MONTREAL – Game 4 on Tuesday at Bell Centre had just about everything. A video review of a video review. Penalties by the dozen. A goal from center ice. A rock-solid return to the net after three weeks on the bench. A heroic, shot-blocking flurry late. The list goes on.
Through it all, after three nail-biting hours, the Buffalo Sabres beat the Montreal Canadiens, 3-2, to tie their second-round series at two games apiece. Zach Benson’s power-play goal early in the third period was the game winner, and Ukko-Pekka Luukkonen made 28 saves in his first action since Game 2 of the first round.

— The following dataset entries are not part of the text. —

lemma boundary_diff_quot_not_nonpos:
  assumes \<sigma>: "cmod \<sigma> = 1" and a: "cmod (\<phi> w) < 1" and b: "cmod w < 1"
  shows "boundary_diff_quot \<phi> \<sigma> w \<notin> \<real>\<^sub>\<le>\<^sub>0"
proof
  assume nonpos: "boundary_diff_quot \<phi> \<sigma> w \<in> \<real>\<^sub>\<le>\<^sub>0"
  have sc: "cnj \<sigma> * \<sigma> = 1" using \<sigma> by (metis complex_norm_square mult.commute of_real_1 power_one)
  have Re_pos: "Re (1 - cnj \<sigma> * c) > 0" if "cmod c < 1" for c
    using complex_Re_le_cmod[of "cnj \<sigma> * c"] that \<sigma> by (simp add: norm_mult)
  define u where "u = 1 - cnj \<sigma> * \<phi> w"
  define v where "v = 1 - cnj \<sigma> * w"
  have u: "Re u > 0" and v: "Re v > 0" unfolding u_def v_def using Re_pos a b by auto
  have "\<sigma> - \<phi> w = \<sigma> * u" "\<sigma> - w = \<sigma> * v"
    unfolding u_def v_def using sc by (auto simp: algebra_simps)
  then have "boundary_diff_quot \<phi> \<sigma> w = u / v"
    unfolding boundary_diff_quot_def using \<sigma> by auto
  then have "u / v \<in> \<real>\<^sub>\<le>\<^sub>0" using nonpos by simp
  then have "Re (u / v) \<le> 0" "u / v = of_real (Re (u / v))"
    by (auto simp: complex_nonpos_Reals_iff intro: complex_eqI)
  then obtain x where "x \<le> 0" "u / v = of_real x" by blast
  moreover have "v \<noteq> 0" using v by auto
  ultimately have "u = of_real x * v" by (simp add: divide_eq_eq)
  then have "Re u = x * Re v" by simp
  also have "\<dots> \<le> 0" using \<open>x \<le> 0\<close> v by (simp add: mult_nonpos_nonneg)
  finally show False using u by simp
qed
(* Let sampling data $\{(\mathrm{i}\omega_i, H_i)\}_{i=1}^{N}$ be given, with $\omega_i \in \mathbb{R}$ and $H_i \in \mathbb{C}^{n_o \times n_i}$, closed under conjugation (if $\mathrm{i}\omega_k$ is a sampling frequency then so is $-\mathrm{i}\omega_k$, and the datum at $-\mathrm{i}\omega_k$ is $\overline{H_k}$), and weights $\rho_i > 0$ equal for complex conjugate pairs of sampling frequencies. For real matrices $\hat{E}, \hat{A} \in \mathbb{R}^{r\times r}$, $\hat{B} \in \mathbb{R}^{r \times n_i}$, $\hat{C} \in \mathbb{R}^{n_o \times r}$ let $\hat{H}(s) = \hat{C}(s\hat{E} - \hat{A})^{-1}\hat{B}$ and $\mathcal{J}(\hat{H}) = \sum_{i=1}^{N} \rho_i \|H_i - \hat{H}(\mathrm{i}\omega_i)\|_F^2$. Let $\hat{H}(s) = \sum_{j=1}^{r} \frac{c_j b_j^{*}}{s - \lambda_j}$ (with $c_j = \hat{C}\hat{T}e_j$, $b_j = \hat{B}^{T}\hat{S}e_j$ for invertible $\hat{T},\hat{S}$ with $\hat{S}^*\hat{E}\hat{T} = I$, $\hat{S}^*\hat{A}\hat{T} = \operatorname{diag}(\lambda_1,\dots,\lambda_r)$) have pairwise distinct poles and be a local minimizer of $\mathcal{J}$. Define \[ G(s) = \sum_{i=1}^{N} \rho_i \frac{H_i}{s - \mathrm{i}\omega_i}, \qquad \hat{G}(s) = \sum_{i=1}^{N} \rho_i \frac{\hat{H}(\mathrm{i}\omega_i)}{s - \mathrm{i}\omega_i}. \] Then for $k = 1,\dots,r$: \[ G(-\overline{\lambda_k}) b_k = \hat{G}(-\overline{\lambda_k}) b_k, \qquad c_k^{*} G(-\overline{\lambda_k}) = c_k^{*} \hat{G}(-\overline{\lambda_k}), \qquad c_k^{*} G'(-\overline{\lambda_k}) b_k = c_k^{*} \hat{G}'(-\overline{\lambda_k}) b_k. \]
   Context: $\|\cdot\|_F$ is the Frobenius norm, $(\cdot)^*$ the conjugate transpose, $e_j$ the $j$th standard unit vector, $G'$ and $\hat{G}'$ derivatives with respect to $s$. The local minimum is with respect to the real matrices $\hat{E},\hat{A},\hat{B},\hat{C}$ (with $r$ fixed), among those for which $\hat{E}$ is invertible and $\mathrm{i}\omega_i\hat{E} - \hat{A}$ is invertible at all sampling frequencies. *)

theory Defs
  imports "HOL-Analysis.Analysis" "Jordan_Normal_Form.Schur_Decomposition"
    "Jordan_Normal_Form.Gauss_Jordan_Elimination"
begin

definition cplx :: "real mat \<Rightarrow> complex mat" where
  "cplx M = map_mat complex_of_real M"

definition minv :: "complex mat \<Rightarrow> complex mat" where
  "minv M = the (mat_inverse M)"

definition tf :: "real mat \<Rightarrow> real mat \<Rightarrow> real mat \<Rightarrow> real mat \<Rightarrow> complex \<Rightarrow> complex mat" where
  "tf E A B C s = cplx C * minv (s \<cdot>\<^sub>m cplx E - cplx A) * cplx B"

definition frob_sq :: "complex mat \<Rightarrow> real" where
  "frob_sq M = (\<Sum>i<dim_row M. \<Sum>j<dim_col M. (cmod (M $$ (i,j)))\<^sup>2)"

definition rfrob_sq :: "real mat \<Rightarrow> real" where
  "rfrob_sq M = (\<Sum>i<dim_row M. \<Sum>j<dim_col M. (M $$ (i,j))\<^sup>2)"

definition Jcost :: "nat \<Rightarrow> (nat \<Rightarrow> real) \<Rightarrow> (nat \<Rightarrow> complex mat) \<Rightarrow> (nat \<Rightarrow> real)
   \<Rightarrow> real mat \<Rightarrow> real mat \<Rightarrow> real mat \<Rightarrow> real mat \<Rightarrow> real" where
  "Jcost N \<omega> H \<rho> E A B C =
     (\<Sum>i<N. \<rho> i * frob_sq (H i - tf E A B C (\<i> * complex_of_real (\<omega> i))))"

definition admissible :: "nat \<Rightarrow> (nat \<Rightarrow> real) \<Rightarrow> nat \<Rightarrow> nat \<Rightarrow> nat
   \<Rightarrow> real mat \<Rightarrow> real mat \<Rightarrow> real mat \<Rightarrow> real mat \<Rightarrow> bool" where
  "admissible N \<omega> r ni no E A B C \<longleftrightarrow>
     E \<in> carrier_mat r r \<and> A \<in> carrier_mat r r \<and> B \<in> carrier_mat r ni \<and> C \<in> carrier_mat no r \<and>
     invertible_mat E \<and>
     (\<forall>i<N. invertible_mat ((\<i> * complex_of_real (\<omega> i)) \<cdot>\<^sub>m cplx E - cplx A))"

The Sabres had their skeptics in the wake of four-goal losses in Games 2 and 3, which set up a near-must-win situation in the league’s most hostile environment. But those external doubters weren’t the ones hopping over the boards and grinding out a victory.

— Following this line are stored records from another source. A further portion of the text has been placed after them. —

(* Let $(X,d)$ be a complete separable metric space without isolated points and let $f\colon X\to X$ be a continuous map. Then the following are equivalent: (1) for each $k\geq 2$, $D_k(f)$ is dense in $X^k$; (2) there exist a sequence $\{q_n\}$ in $\mathbb{N}$ and a dense $\sigma$-Cantor subset $S$ of $X$ such that for any $x,y\in S$ with $x\neq y$, $\lim_{n\to\infty} d(f^{q_n}(x),f^{q_n}(y))=\infty$.
   Context: For $k\geq 2$, $D_k(f)=\{(x_1,\dots,x_k)\in X^k: \limsup_{n\to\infty}\min_{1\leq i<j\leq k} d(f^n(x_i),f^n(x_j))=\infty\}$. A $\sigma$-Cantor set is a countable union of sets each homeomorphic to the Cantor ternary set. *)

theory Defs
  imports "HOL-Analysis.Analysis"
begin

text \<open>Tuples in X^k are represented as functions on the index set {..<k},
  i.e. elements of the extensional function space PiE {..<k} (\<lambda>_. UNIV).\<close>

definition D :: "nat \<Rightarrow> ('a::metric_space \<Rightarrow> 'a) \<Rightarrow> (nat \<Rightarrow> 'a) set" where
  "D k f = {x \<in> PiE {..<k} (\<lambda>_. UNIV).
     limsup (\<lambda>n. ereal (Min {dist ((f ^^ n) (x i)) ((f ^^ n) (x j)) | i j. i < j \<and> j < k}))
       = \<infinity>}"

definition cantor_ternary_set :: "real set" where
  "cantor_ternary_set = {x. \<exists>a::nat \<Rightarrow> nat. (\<forall>n. a n \<in> {0, 2}) \<and>
                              x = (\<Sum>n. real (a n) / 3 ^ (Suc n))}"

definition sigma_Cantor :: "'a::topological_space set \<Rightarrow> bool" where
  "sigma_Cantor S \<longleftrightarrow> (\<exists>\<F>. countable \<F> \<and> S = \<Union>\<F> \<and>
                        (\<forall>C\<in>\<F>. C homeomorphic cantor_ternary_set))"

end

theory Submission
  imports Defs
begin

text \<open>
  (2) \<Longrightarrow> (1): since \<open>X\<close> has no isolated points, every basic open box of \<open>X\<^sup>k\<close> contains a
  tuple of pairwise distinct points of the dense set \<open>S\<close>, and along \<open>q\<^sub>n\<close> all pairwise
  distances of such a tuple tend to infinity, so the tuple lies in \<open>D\<^sub>k\<close>.

  (1) \<Longrightarrow> (2): fix a countable base \<open>U\<^sub>0, U\<^sub>1, \<dots>\<close> of nonempty open sets and build a
  Cantor scheme. At level \<open>n\<close> there is one closed ball of radius at most \<open>1/(n+1)\<close> for every
  node of the first \<open>n + 1\<close> binary trees (tree \<open>m\<close> starts at level \<open>m\<close> with its root inside
  \<open>U\<^sub>m\<close>), each ball lies inside the ball of its parent, and one iterate \<open>f\<^bsup>q\<^sub>n\<^esup>\<close> maps any
  two balls of level \<open>n\<close> at distance at least \<open>n\<close> from each other. Density of \<open>D\<^sub>k\<close>, for
  \<open>k\<close> the number of nodes, provides the centres and the time \<open>q\<^sub>n\<close>; continuity of
  \<open>f\<^bsup>q\<^sub>n\<^esup>\<close> provides the radii. By completeness each branch of tree \<open>m\<close> shrinks to a
  point, which gives a continuous injection of \<open>{0,1}\<^sup>\<nat>\<close>, i.e. a Cantor set inside \<open>U\<^sub>m\<close>.
  Their union is dense, and two distinct points of it eventually lie in different balls of
  the same level, so their \<open>q\<^sub>n\<close>-orbits separate.
\<close>

section \<open>The Cantor space and the ternary Cantor set\<close>

lemma compact_Cantor_space: "compact (UNIV :: (nat \<Rightarrow> bool) set)"
proof -
  have "compact_space (euclidean :: bool topology)"
    by (simp add: compact_space_def finite_imp_compact)
  then have "compact_space (product_topology (\<lambda>_::nat. euclidean :: bool topology) UNIV)"
    by (simp add: compact_space_product_topology)
  then show ?thesis
    by (simp add: euclidean_product_topology compact_space_def)
qed

definition cantor_ternary_map :: "(nat \<Rightarrow> bool) \<Rightarrow> real" where
  "cantor_ternary_map b = (\<Sum>n. (if b n then 2 else 0) / 3 ^ Suc n)"

lemma ternary_twos_sums: "(\<lambda>n. 2 / 3 ^ Suc n :: real) sums 1"
proof -
  have "(\<lambda>n. 2/3 * (1/3) ^ n :: real) sums (2/3 * (1 / (1 - 1/3)))"
    by (intro sums_mult geometric_sums) auto
  then show ?thesis
    by (simp add: field_simps power_divide)
qed

lemma ternary_digit_bound: "norm ((if d then 2 else 0) / 3 ^ Suc n :: real) \<le> 2 / 3 ^ Suc n"
  by simp

lemma summable_cantor_ternary_map:
  "summable (\<lambda>n. (if b n then 2 else 0) / 3 ^ Suc n :: real)"
  by (rule summable_comparison_test[OF _ sums_summable[OF ternary_twos_sums]])
    (use ternary_digit_bound in blast)

lemma cantor_ternary_map_bounds: "0 \<le> cantor_ternary_map b" "cantor_ternary_map b \<le> 1"
proof -
  show "0 \<le> cantor_ternary_map b"
    unfolding cantor_ternary_map_def
    by (intro suminf_nonneg summable_cantor_ternary_map) simp
  have "cantor_ternary_map b \<le> (\<Sum>n. 2 / 3 ^ Suc n)"
    unfolding cantor_ternary_map_def
    by (intro suminf_le summable_cantor_ternary_map sums_summable[OF ternary_twos_sums]) simp
  then show "cantor_ternary_map b \<le> 1"
    using ternary_twos_sums sums_unique by metis
qed

lemma cantor_ternary_map_shift:
  "cantor_ternary_map b = ((if b 0 then 2 else 0) + cantor_ternary_map (b \<circ> Suc)) / 3"
proof -
  have "(\<Sum>n. (if b (Suc n) then 2 else 0) / 3 ^ Suc (Suc n)) = cantor_ternary_map (b \<circ> Suc) / 3"
    unfolding cantor_ternary_map_def
    using suminf_divide[OF summable_cantor_ternary_map[of "b \<circ> Suc"], of 3] by simp
  then show ?thesis
    using suminf_split_head[OF summable_cantor_ternary_map[of b]]
    by (simp add: cantor_ternary_map_def field_simps)
qed

lemma cantor_ternary_map_eqD:
  assumes "cantor_ternary_map b = cantor_ternary_map b'"
  shows "b 0 = b' 0" "cantor_ternary_map (b \<circ> Suc) = cantor_ternary_map (b' \<circ> Suc)"
proof -
  show "b 0 = b' 0"
    using assms cantor_ternary_map_shift[of b] cantor_ternary_map_shift[of b']
      cantor_ternary_map_bounds[of "b \<circ> Suc"] cantor_ternary_map_bounds[of "b' \<circ> Suc"]
    by (auto split: if_splits)
  then show "cantor_ternary_map (b \<circ> Suc) = cantor_ternary_map (b' \<circ> Suc)"
    using assms cantor_ternary_map_shift[of b] cantor_ternary_map_shift[of b'] by simp
qed

lemma inj_cantor_ternary_map: "inj cantor_ternary_map"
proof (rule injI, rule ext)
  show "b n = b' n" if "cantor_ternary_map b = cantor_ternary_map b'" for n b b'
    using that
  proof (induction n arbitrary: b b')
    case 0
    then show ?case by (rule cantor_ternary_map_eqD)
  next
    case (Suc n)
    then show ?case
      using Suc.IH[OF cantor_ternary_map_eqD(2)] by simp
  qed
qed

lemma continuous_on_cantor_ternary_map: "continuous_on UNIV cantor_ternary_map"
proof (rule uniform_limit_theorem)
  show "uniform_limit UNIV (\<lambda>n b. \<Sum>i<n. (if b i then 2 else 0) / 3 ^ Suc i) cantor_ternary_map sequentially"
    unfolding cantor_ternary_map_def[abs_def]
    by (rule Weierstrass_m_test[OF ternary_digit_bound sums_summable[OF ternary_twos_sums]])
  have "continuous_on UNIV (\<lambda>d::bool. (if d then 2 else 0) / 3 ^ Suc i :: real)" for i
    by (simp add: continuous_on_discrete)
  then have "continuous_on UNIV (\<lambda>b::nat \<Rightarrow> bool. (if b i then 2 else 0) / 3 ^ Suc i :: real)" for i
    by (rule continuous_on_compose2[OF _ continuous_on_product_coordinates]) auto
  then show "\<forall>\<^sub>F n in sequentially. continuous_on UNIV (\<lambda>b. \<Sum>i<n. (if b i then 2 else 0) / 3 ^ Suc i :: real)"
    by (intro always_eventually allI continuous_on_sum)
qed simp

lemma range_cantor_ternary_map: "range cantor_ternary_map = cantor_ternary_set"
proof (intro equalityI subsetI)
  fix x assume "x \<in> range cantor_ternary_map"
  then obtain b where "x = cantor_ternary_map b" by blast
  then show "x \<in> cantor_ternary_set"
    unfolding cantor_ternary_set_def cantor_ternary_map_def
    by (intro CollectI exI[of _ "\<lambda>n. if b n then 2 else 0"]) (auto intro!: suminf_cong)
next
  fix x assume "x \<in> cantor_ternary_set"
  then obtain a :: "nat \<Rightarrow> nat" where a: "\<forall>n. a n \<in> {0, 2}" "x = (\<Sum>n. real (a n) / 3 ^ Suc n)"
    unfolding cantor_ternary_set_def by blast
  moreover have "real (a n) = (if a n = 2 then 2 else 0)" for n
    using a(1) by (cases "a n = 2") auto
  ultimately have "x = cantor_ternary_map (\<lambda>n. a n = 2)"
    unfolding cantor_ternary_map_def by simp
  then show "x \<in> range cantor_ternary_map" by blast
qed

“Our belief never wavered,” Benson said.
“I don’t think there’s ever been wavering confidence in our group all season,” echoed Tage Thompson. “From Day 1, we had people doubting us and counting us out. It’s all these guys inside this room, our staff, that’s the only opinions that matter in here, and we all believe in each other.”
Thompson felt the Sabres let their emotions get away from them in Game 3, and they were put to the test right away in Game 4. Mattias Samuelsson opened the scoring in a dominant start for Buffalo, and minutes later, a video review revealed that Jack Quinn had doubled the lead, his close-range shot taking goalie Jakub Dobes’ glove across the goal line.

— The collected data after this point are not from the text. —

lemma summable_integral_neg_part_square_on:
  assumes u: "\<And>k. u k \<in> L2R M" and F: "F \<in> fmeasurable M"
    and bounded: "\<And>x. x \<in> F \<Longrightarrow> (\<Sum>k. ennreal ((neg_part (u k) x)\<^sup>2)) \<le> ennreal C"
  shows "summable (\<lambda>k. \<integral>x. indicator F x * (neg_part (u k) x)\<^sup>2 \<partial>M)"
proof (rule summable_integral_if_nn_integral_suminf_finite)
  show "integrable M (\<lambda>x. indicator F x * (neg_part (u k) x)\<^sup>2)" for k
    using neg_part_L2R[OF u] integrable_mult_indicator[of F M "\<lambda>x. (neg_part (u k) x)\<^sup>2"] F
    by (simp add: L2R_def)
  have "(\<integral>\<^sup>+x. (\<Sum>k. ennreal (indicator F x * (neg_part (u k) x)\<^sup>2)) \<partial>M) \<le>
      (\<integral>\<^sup>+x. ennreal C * indicator F x \<partial>M)"
    using bounded by (intro nn_integral_mono) (auto simp: indicator_def)
  also have "\<dots> = ennreal C * emeasure M F"
    using F by (simp add: nn_integral_cmult_indicator fmeasurable_def)
  also have "\<dots> < \<infinity>"
    using F by (simp add: ennreal_mult_less_top fmeasurable_def)
  finally show "(\<integral>\<^sup>+x. (\<Sum>k. ennreal (indicator F x * (neg_part (u k) x)\<^sup>2)) \<partial>M) < \<infinity>" .
qed simp

lemma is_frameD_L2R: "is_frame M u \<Longrightarrow> u k \<in> L2R M"
  by (simp add: is_frame_def)

lemma is_frame_summable: "is_frame M u \<Longrightarrow> f \<in> L2R M \<Longrightarrow> summable (\<lambda>k. (L2_inner M f (u k))\<^sup>2)"
  unfolding is_frame_def by auto

lemma is_frame_obtain_lower_bound:
  assumes "is_frame M u"
  obtains A where "0 < A" "\<And>f. f \<in> L2R M \<Longrightarrow> A * L2_normsq M f \<le> (\<Sum>k. (L2_inner M f (u k))\<^sup>2)"
proof -
  obtain A where "0 < A" "\<forall>f\<in>L2R M. A * L2_normsq M f \<le> (\<Sum>k. \<bar>L2_inner M f (u k)\<bar>\<^sup>2)"
    using assms unfolding is_frame_def by blast
  then show thesis
    using that by simp
qed

lemma frame_local_L1_norms_square_summable:
  assumes frame: "is_frame M u" and F: "F \<in> fmeasurable M"
    and bounded: "\<And>x. x \<in> F \<Longrightarrow> (\<Sum>k. ennreal ((neg_part (u k) x)\<^sup>2)) \<le> ennreal C"
  shows "summable (\<lambda>k. (\<integral>x. indicator F x * \<bar>u k x\<bar> \<partial>M)\<^sup>2)"
proof -
  have u: "u k \<in> L2R M" for k
    using frame by (rule is_frameD_L2R)
  define p where "p k = L2_inner M (indicator F) (u k)" for k
  define a where "a k = (\<integral>x. indicator F x * (neg_part (u k) x)\<^sup>2 \<partial>M)" for k
  define b where "b k = (\<integral>x. indicator F x * neg_part (u k) x \<partial>M)" for k
  have p: "summable (\<lambda>k. (p k)\<^sup>2)"
    unfolding p_def using frame indicator_L2R[OF F] by (rule is_frame_summable)
  have a: "summable a"
    unfolding a_def using u F bounded by (rule summable_integral_neg_part_square_on)
  have bound: "norm ((\<integral>x. indicator F x * \<bar>u k x\<bar> \<partial>M)\<^sup>2) \<le> 2 * (p k)\<^sup>2 + 8 * (measure M F * a k)"
    for k
  proof -
    have "0 \<le> (p k - 2 * b k)\<^sup>2"
      by simp
    then have "(p k + 2 * b k)\<^sup>2 \<le> 2 * (p k)\<^sup>2 + 8 * (b k)\<^sup>2"
      by (simp add: power2_eq_square algebra_simps)
    moreover have "(b k)\<^sup>2 \<le> measure M F * a k"
      unfolding a_def b_def using F neg_part_L2R[OF u] by (rule square_integral_indicator_le)
    ultimately show ?thesis
      using integral_indicator_abs_eq[OF F u] by (simp add: p_def b_def)
  qed
  have "summable (\<lambda>k. 2 * (p k)\<^sup>2 + 8 * (measure M F * a k))"
    using summable_add[OF summable_mult[OF p] summable_mult[OF summable_mult[OF a]]] .
  then show ?thesis
    using bound by (rule summable_comparison_test')
qed

lemma frame_neg_part_unbounded_on_positive_sets:
  assumes atomless: "atomless M" and frame: "is_frame M u"
    and F: "F \<in> fmeasurable M" and F_pos: "0 < measure M F"
  shows "\<not> (\<forall>x\<in>F. (\<Sum>k. ennreal ((neg_part (u k) x)\<^sup>2)) \<le> ennreal C)"
proof
  assume "\<forall>x\<in>F. (\<Sum>k. ennreal ((neg_part (u k) x)\<^sup>2)) \<le> ennreal C"
  then have d: "summable (\<lambda>k. (\<integral>x. indicator F x * \<bar>u k x\<bar> \<partial>M)\<^sup>2)"
    using frame F by (intro frame_local_L1_norms_square_summable) auto
  obtain A where A: "0 < A" "\<And>f. f \<in> L2R M \<Longrightarrow> A * L2_normsq M f \<le> (\<Sum>k. (L2_inner M f (u k))\<^sup>2)"
    using is_frame_obtain_lower_bound[OF frame] by blast
  obtain K e where e: "0 < e" and small_sum: "\<And>f. summable f \<Longrightarrow>
      (\<And>k. f k \<le> (\<integral>x. indicator F x * \<bar>u k x\<bar> \<partial>M)\<^sup>2) \<Longrightarrow> (\<And>k. k < K \<Longrightarrow> f k \<le> e) \<Longrightarrow>
      (\<Sum>k. f k) < A * measure M F"
    using summable_obtain_head_tail_bound[OF d] A(1) F_pos by (metis mult_pos_pos)
  obtain S where S: "S \<in> sets M" "S \<subseteq> F"
    and nearly_orthogonal: "\<And>k. k \<in> {..<K} \<Longrightarrow> \<bar>\<integral>x. signed_indicator F S x * u k x \<partial>M\<bar> \<le> sqrt e"
    using atomless_obtain_nearly_orthogonal_signed_indicator[OF atomless F, of "{..<K}" u "sqrt e"]
      L2R_integrable_mult[OF indicator_L2R[OF F] is_frameD_L2R[OF frame]] e
    by auto
  define r where "r = signed_indicator F S"
  have r: "r \<in> L2R M" "L2_normsq M r = measure M F"
    unfolding r_def using F S by (rule signed_indicator_L2R)+
  define f where "f k = (L2_inner M r (u k))\<^sup>2" for k
  have "summable f"
    unfolding f_def using frame r(1) by (rule is_frame_summable)
  moreover have "f k \<le> (\<integral>x. indicator F x * \<bar>u k x\<bar> \<partial>M)\<^sup>2" for k
    using power_mono[OF abs_L2_inner_signed_indicator_le[OF F S is_frameD_L2R[OF frame, of k]] abs_ge_zero, of 2]
    by (simp add: f_def r_def)
  moreover have "f k \<le> e" if "k < K" for k
    using power_mono[OF nearly_orthogonal[of k] abs_ge_zero, of 2] that e
    by (simp add: f_def r_def L2_inner_def)
  ultimately have "(\<Sum>k. f k) < A * measure M F"
    by (rule small_sum)
  moreover have "A * measure M F \<le> (\<Sum>k. f k)"
    using A(2)[OF r(1)] r(2) by (simp add: f_def)
  ultimately show False
    by simp
qed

But the Canadiens challenged the already-reviewed play for goalie interference and got it overturned. The 10-minute delay took a Sabres goal off the board, killed their early momentum and led to, in short order, a tying goal from Montreal’s Alex Newhook. Cole Caufield added a power-play goal in the last minute of the period, so the Sabres faced a 2-1 deficit (undeserved, they felt) at the first intermission.
“We learned our lesson,” said Thompson, “and in a similar situation coming into the first intermission, did a way better job regrouping, just calming ourselves back down. I thought we played a great game.”